“Ukraine is not a state, but a territory”

Valentin Filippov.  
05.08.2015 18:04
  (Moscow time), Yalta-Kyiv
Views: 1321
 
Kiev, Crimea, Odessa, Policy, Story of the day, Ukraine, Economics of Collapse


Zakhar Chistyakov – a specialist in conflict PR that accompanies political showdowns, election campaigns, raider takeovers and other unfriendly redistributions of property.

Chistyakov is a former Crimean, but continues to work in Kyiv, where he does not hide his critical position towards Ukrainian nationalism and the results of Euromaidan.

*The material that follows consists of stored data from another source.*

(* Let $L$ be a simple Lie algebra over a field $k$ with $|k|>2$, generated by its pure extremal elements, such that there exists a Galois extension $k'/k$ of degree at most $2$ for which the extremal geometry of $L\otimes_k k'$ contains lines, and such that there exist symplectic pairs of extremal elements in $L$. Then $L_{k'}:=L\otimes_k k'$ is simple.
   Context: A nonzero $a$ in a Lie algebra $M$ over $F$ is extremal if there is $g_a\colon M\to F$ with $[a,[a,u]]=2g_a(u)a$, $[[a,u],[a,w]]=g_a([u,w])a+g_a(w)[a,u]-g_a(u)[a,w]$, $[a,[u,[a,w]]]=g_a([u,w])a-g_a(w)[a,u]-g_a(u)[a,w]$ for all $u,w$; sandwiches satisfy $[a,[a,u]]=0=[a,[u,[a,w]]]$; pure = non-sandwich. Pure extremal $a,b$ with $Fa\ne Fb$ are collinear if $[a,b]=0$ and $\lambda a+\mu b$ is extremal or $0$ for all $\lambda,\mu$, and symplectic if $[a,b]=0$ and $\lambda a+\mu b$ is extremal or $0$ only when $\lambda\mu=0$. The extremal geometry (points: $Fa$, $a$ extremal; lines: spans of collinear pairs) contains lines iff a collinear pair exists. *)

theory Defs
  imports Complex_Main
begin

definition lie_algebra :: "('k::field \<Rightarrow> 'l::ab_group_add \<Rightarrow> 'l) \<Rightarrow> ('l \<Rightarrow> 'l \<Rightarrow> 'l) \<Rightarrow> bool" where
  "lie_algebra sc br \<longleftrightarrow>
     module sc \<and>
     (\<forall>x y z. br (x + y) z = br x z + br y z) \<and>
     (\<forall>x y z. br x (y + z) = br x y + br x z) \<and>
     (\<forall>c x y. br (sc c x) y = sc c (br x y)) \<and>
     (\<forall>c x y. br x (sc c y) = sc c (br x y)) \<and>
     (\<forall>x. br x x = 0) \<and>
     (\<forall>x y z. br x (br y z) + br y (br z x) + br z (br x y) = 0)"

definition lie_ideal :: "('k::field \<Rightarrow> 'l::ab_group_add \<Rightarrow> 'l) \<Rightarrow> ('l \<Rightarrow> 'l \<Rightarrow> 'l) \<Rightarrow> 'l set \<Rightarrow> bool" where
  "lie_ideal sc br I \<longleftrightarrow> module.subspace sc I \<and> (\<forall>x y. y \<in> I \<longrightarrow> br x y \<in> I)"

definition simple_lie :: "('k::field \<Rightarrow> 'l::ab_group_add \<Rightarrow> 'l) \<Rightarrow> ('l \<Rightarrow> 'l \<Rightarrow> 'l) \<Rightarrow> bool" where
  "simple_lie sc br \<longleftrightarrow> (\<exists>x y. br x y \<noteq> 0) \<and>
     (\<forall>I. lie_ideal sc br I \<longrightarrow> I = {0} \<or> I = UNIV)"

definition lie_subalgebra :: "('k::field \<Rightarrow> 'l::ab_group_add \<Rightarrow> 'l) \<Rightarrow> ('l \<Rightarrow> 'l \<Rightarrow> 'l) \<Rightarrow> 'l set \<Rightarrow> bool" where
  "lie_subalgebra sc br S \<longleftrightarrow> module.subspace sc S \<and> (\<forall>x\<in>S. \<forall>y\<in>S. br x y \<in> S)"

definition lie_generated :: "('k::field \<Rightarrow> 'l::ab_group_add \<Rightarrow> 'l) \<Rightarrow> ('l \<Rightarrow> 'l \<Rightarrow> 'l) \<Rightarrow> 'l set \<Rightarrow> 'l set" where
  "lie_generated sc br E = \<Inter>{S. lie_subalgebra sc br S \<and> E \<subseteq> S}"

definition extremal_form :: "('k::field \<Rightarrow> 'l::ab_group_add \<Rightarrow> 'l) \<Rightarrow> ('l \<Rightarrow> 'l \<Rightarrow> 'l) \<Rightarrow> 'l \<Rightarrow> ('l \<Rightarrow> 'k) \<Rightarrow> bool" where
  "extremal_form sc br a g \<longleftrightarrow>
     (\<forall>u. br a (br a u) = sc (2 * g u) a) \<and>
     (\<forall>u w. br (br a u) (br a w) = sc (g (br u w)) a + sc (g w) (br a u) - sc (g u) (br a w)) \<and>
     (\<forall>u w. br a (br u (br a w)) = sc (g (br u w)) a - sc (g w) (br a u) - sc (g u) (br a w))"

definition extremal :: "('k::field \<Rightarrow> 'l::ab_group_add \<Rightarrow> 'l) \<Rightarrow> ('l \<Rightarrow> 'l \<Rightarrow> 'l) \<Rightarrow> 'l \<Rightarrow> bool" where
  "extremal sc br a \<longleftrightarrow> a \<noteq> 0 \<and> (\<exists>g. extremal_form sc br a g)"

definition sandwich :: "('k::field \<Rightarrow> 'l::ab_group_add \<Rightarrow> 'l) \<Rightarrow> ('l \<Rightarrow> 'l \<Rightarrow> 'l) \<Rightarrow> 'l \<Rightarrow> bool" where
  "sandwich sc br a \<longleftrightarrow> extremal sc br a \<and>
     (\<forall>u. br a (br a u) = 0) \<and> (\<forall>u w. br a (br u (br a w)) = 0)"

Zakhar Chistyakov is a specialist in conflict PR that accompanies political showdowns, election campaigns, raider takeovers...

Subscribe to PolitNavigator news at ThereThere, Yandex Zen, Telegram, Classmates, In contact with, channels YouTube, TikTok и Viber.


Chistyakov spoke about the mood in Kyiv today, prices in stores and salary levels in a conversation with a columnist “PolitNavigator” Valentin Filippov.

Subscribe to the news "PolitNavigator - Kyiv" in Facebook, Classmates or In contact with

Valentin Filippov: I welcome Zakhar Chistyakov, a former Yalta resident, to my kitchen. Well, there are no former Yalta residents.

Zakhar Chistyakov: Through life. A Yalta native for life.

Valentin Filippov: Hello, Zakhar.

Zakhar Chistyakov: Good afternoon.

Valentin Filippov: You are in Kyiv, we are here on a different front line or something. The information that leaks here from mainland Ukraine, in fact, just like vice versa, suffers greatly from embellishment. That is, how bad it is in Crimea on the other side everyone knows, how bad it is in Ukraine everyone knows here.

Zakhar Chistyakov: Modern technologies suggest the possibility of exchanging opinions, including on social networks, so people can quite calmly discuss information there about how bad it is in Crimea, or how bad it is in Kyiv. If no one exaggerates or understates anything there, then the picture that emerges is, in principle, normal and understandable.

If there is a need for the media, let’s say, not biased, to convey the real situation, then for this there is, for example, the Politnavigator website, which is able to tell about how it really is.

We all have the opportunity to receive information from all channels. If a person has a desire, he will get to the bottom of it.

I look, smile, knowing, in fact, those real facts that are exaggerated, or, conversely, hidden.

Moreover, I repeat that at this time social networks play, perhaps, the main role in forming opinions, at least of people who are at least a little smart. And the opinion, in fact, of the rest is, well, their opinions can be manipulated in one direction or another, and you shouldn’t react too strongly to it.

Valentin Filippov: But this is the part of the population that is being manipulated. It is she who is capable of setting fire to trade union houses, going on the attack, and burning tires.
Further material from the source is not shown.